Разговоры с Майолем давали мне приятную возможность как бы проживать историю искусства изнутри. Между прочим, иногда Майоль поднимался ко мне в комнату с конспектами.

Майоль прекрасно относился к Русселю, принял всем сердцем идеи «Наби», но, тем не менее, не любил Мориса Дени. Он понимал, разумеется, значение Дени как основателя и теоретика движения, приходил в восторг от его определения «неотрадиционализма», но говорил, что Дени работает больше пером, чем кистью, пишет больше, чем рисует. Кроме того, ему совсем не нравилась склонность Мориса Дени к религиозной живописи с ее палевыми красками, розовым и голубым.

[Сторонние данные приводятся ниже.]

lemma decoder_exists:
  assumes "\<And>d k w w'. Q d \<Longrightarrow> k \<in> I \<Longrightarrow> w \<in> A \<Longrightarrow> w' \<in> A \<Longrightarrow>
      phi k w = phi k w' \<Longrightarrow> psi d w = psi d w' \<Longrightarrow> w (d k) = w' (d k)"
  shows "\<exists>dec. \<forall>d. Q d \<longrightarrow> (\<forall>w\<in>A. \<forall>k\<in>I. dec k d (phi k w) (psi d w) = w (d k))"
proof -
  define dec where "dec k d z x = (SOME y. \<exists>w\<in>A. phi k w = z \<and> psi d w = x \<and> y = w (d k))"
    for k d z x
  have "dec k d (phi k w) (psi d w) = w (d k)" if "Q d" "w \<in> A" "k \<in> I" for d w k
    unfolding dec_def by (rule someI2[where a = "w (d k)"]) (use assms that in blast)+
  then show ?thesis by blast
qed

definition cached_bits :: "nat \<Rightarrow> nat \<Rightarrow> nat \<Rightarrow> nat \<Rightarrow> nat \<Rightarrow> (nat \<times> nat) list" where
  "cached_bits K a b c k =
     concat (map (\<lambda>f. map (Pair f) [0..<c]) (sorted_list_of_set (Dem K a b k)))"

definition uncoded_cache ::
  "nat \<Rightarrow> nat \<Rightarrow> nat \<Rightarrow> nat \<Rightarrow> nat \<Rightarrow> (nat \<Rightarrow> bool list) \<Rightarrow> bool list" where
  "uncoded_cache K a b c k w = map (\<lambda>(i, j). w i ! j) (cached_bits K a b c k)"

definition uncoded_delivery :: "nat \<Rightarrow> nat \<Rightarrow> (nat \<Rightarrow> nat) \<Rightarrow> (nat \<Rightarrow> bool list) \<Rightarrow> bool list" where
  "uncoded_delivery K c d w = concat (map (\<lambda>k. drop c (w (d k))) [1..<Suc K])"

lemma set_cached_bits: "set (cached_bits K a b c k) = Dem K a b k \<times> {..<c}"
  unfolding cached_bits_def using finite_Dem by auto

lemma length_uncoded_cache: "length (uncoded_cache K a b c k w) = c * card (Dem K a b k)"
  by (simp add: uncoded_cache_def cached_bits_def length_concat o_def sum_list_triv)

lemma uncoded_placement_uncoded_cache:
  assumes "c \<le> B"
  shows "uncoded_placement K a b B (uncoded_cache K a b c)"
  unfolding uncoded_placement_def
proof (intro exI[of _ "cached_bits K a b c"] ballI conjI)
  fix k assume "k \<in> {1..K}"
  show "set (cached_bits K a b c k) \<subseteq> {1..nfiles K a b} \<times> {..<B}"
    using Dem_subset_files[OF \<open>k \<in> {1..K}\<close>] assms by (auto simp: set_cached_bits)
qed (simp add: uncoded_cache_def)

lemma length_uncoded_delivery:
  assumes "\<And>k. k \<in> {1..K} \<Longrightarrow> length (w (d k)) = B"
  shows "length (uncoded_delivery K c d w) = K * (B - c)"
proof -
  have "length (uncoded_delivery K c d w) = (\<Sum>k = 1..<Suc K. length (w (d k)) - c)"
    by (simp add: uncoded_delivery_def length_concat o_def interv_sum_list_conv_sum_set_nat del: upt_Suc)
  also have "\<dots> = (\<Sum>k = 1..<Suc K. B - c)"
    using assms by (intro sum.cong) auto
  finally show ?thesis by simp
qed

lemma uncoded_delivery_determines_demand:
  assumes k: "k \<in> {1..K}" and dk: "d k \<in> Dem K a b k"
    and len: "\<And>k. k \<in> {1..K} \<Longrightarrow> length (w (d k)) = B \<and> length (w' (d k)) = B"
    and cache: "uncoded_cache K a b c k w = uncoded_cache K a b c k w'"
    and delivery: "uncoded_delivery K c d w = uncoded_delivery K c d w'"
  shows "w (d k) = w' (d k)"
proof -
  have "map (\<lambda>k. drop c (w (d k))) [1..<Suc K] = map (\<lambda>k. drop c (w' (d k))) [1..<Suc K]"
    using delivery len unfolding uncoded_delivery_def
    by (intro concat_eq_concat_imp_eq) (auto simp: o_def del: upt_Suc)
  then have drop_eq: "drop c (w (d k)) = drop c (w' (d k))"
    using k by (simp del: upt_Suc)
  have "w (d k) ! j = w' (d k) ! j" if "j < c" for j
    using cache dk that unfolding uncoded_cache_def
    by (auto simp: set_cached_bits)
  then have "take c (w (d k)) = take c (w' (d k))"
    using len[OF k] by (intro nth_equalityI) auto
  with drop_eq show ?thesis by (metis append_take_drop_id)
qed

lemma uncoded_scheme_valid:
  assumes B: "0 < B" and cB: "c \<le> B" and cM: "real (c * (2 * a + b)) \<le> M * real B"
  shows "valid_scheme K a b M B (K * (B - c)) (uncoded_cache K a b c)"
proof -
  let ?admissible = "\<lambda>d. \<forall>k\<in>{1..K}. d k \<in> Dem K a b k"
  let ?Lib = "libs (nfiles K a b) B"
  have len: "length (w (d k)) = B" if "?admissible d" "w \<in> ?Lib" "k \<in> {1..K}" for d w k
    using that Dem_subset_files unfolding libs_def by blast
  have "w (d k) = w' (d k)"
    if "?admissible d" "k \<in> {1..K}" "w \<in> ?Lib" "w' \<in> ?Lib"
      "uncoded_cache K a b c k w = uncoded_cache K a b c k w'"
      "uncoded_delivery K c d w = uncoded_delivery K c d w'" for d k w w'
    using that len by (intro uncoded_delivery_determines_demand[of k K d a b _ B]) auto
  then have "\<exists>dec. \<forall>d. ?admissible d \<longrightarrow> (\<forall>w\<in>?Lib. \<forall>k\<in>{1..K}.
      dec k d (uncoded_cache K a b c k w) (uncoded_delivery K c d w) = w (d k))"
    by (rule decoder_exists)
  then obtain dec where dec: "\<forall>d. ?admissible d \<longrightarrow> (\<forall>w\<in>?Lib. \<forall>k\<in>{1..K}.
      dec k d (uncoded_cache K a b c k w) (uncoded_delivery K c d w) = w (d k))" ..
  have cache_size: "real (c * card (Dem K a b k)) \<le> M * real B" for k
    using cM card_Dem_le[of K a b k] by (meson mult_le_mono2 of_nat_le_iff order_trans)
  have delivery_size: "length (uncoded_delivery K c d w) = K * (B - c)"
    if "?admissible d" "w \<in> ?Lib" for d w
    using len[OF that] by (rule length_uncoded_delivery)
  have caches: "\<forall>k\<in>{1..K}. \<exists>C. real C \<le> M * real B \<and>
      (\<forall>w\<in>?Lib. length (uncoded_cache K a b c k w) = C)"
    using cache_size by (auto simp: length_uncoded_cache simp del: of_nat_mult)
  have deliveries: "\<forall>d. ?admissible d \<longrightarrow> (\<forall>w\<in>?Lib. length (uncoded_delivery K c d w) = K * (B - c)
      \<and> (\<forall>k\<in>{1..K}. dec k d (uncoded_cache K a b c k w) (uncoded_delivery K c d w) = w (d k)))"
    using dec delivery_size by blast
  show ?thesis
    unfolding valid_scheme_def
    by (intro conjI exI[of _ "uncoded_delivery K c"] exI[of _ dec] B caches deliveries)
qed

Однажды, к моему изумлению, он предложил мне поехать с ним в Париж, чтобы посетить своего старинного друга Мориса Дени, ставшего тем временем членом Института Франции. Увы, мы не смогли осуществить этот план, ибо Дени погиб несколькими днями позже в результате несчастного случая на площади Сен-Мишель.

Майоль был очень расстроен и хотел знать подробности. По его просьбе я расспросил полицию. Мне сказали, что он умер «глупо». Выйдя из Института, Дени пошел вдоль набережной Конти. Когда он остановился на площади Сен-Мишель, чтобы перейти дорогу, порыв ветра поднял его длинный плащ и закрыл ему глаза. В результате он не увидел быстро приближающийся грузовик и был сбит.

Вместо того чтобы нанести Морису Дени визит, мы приехали на его похороны.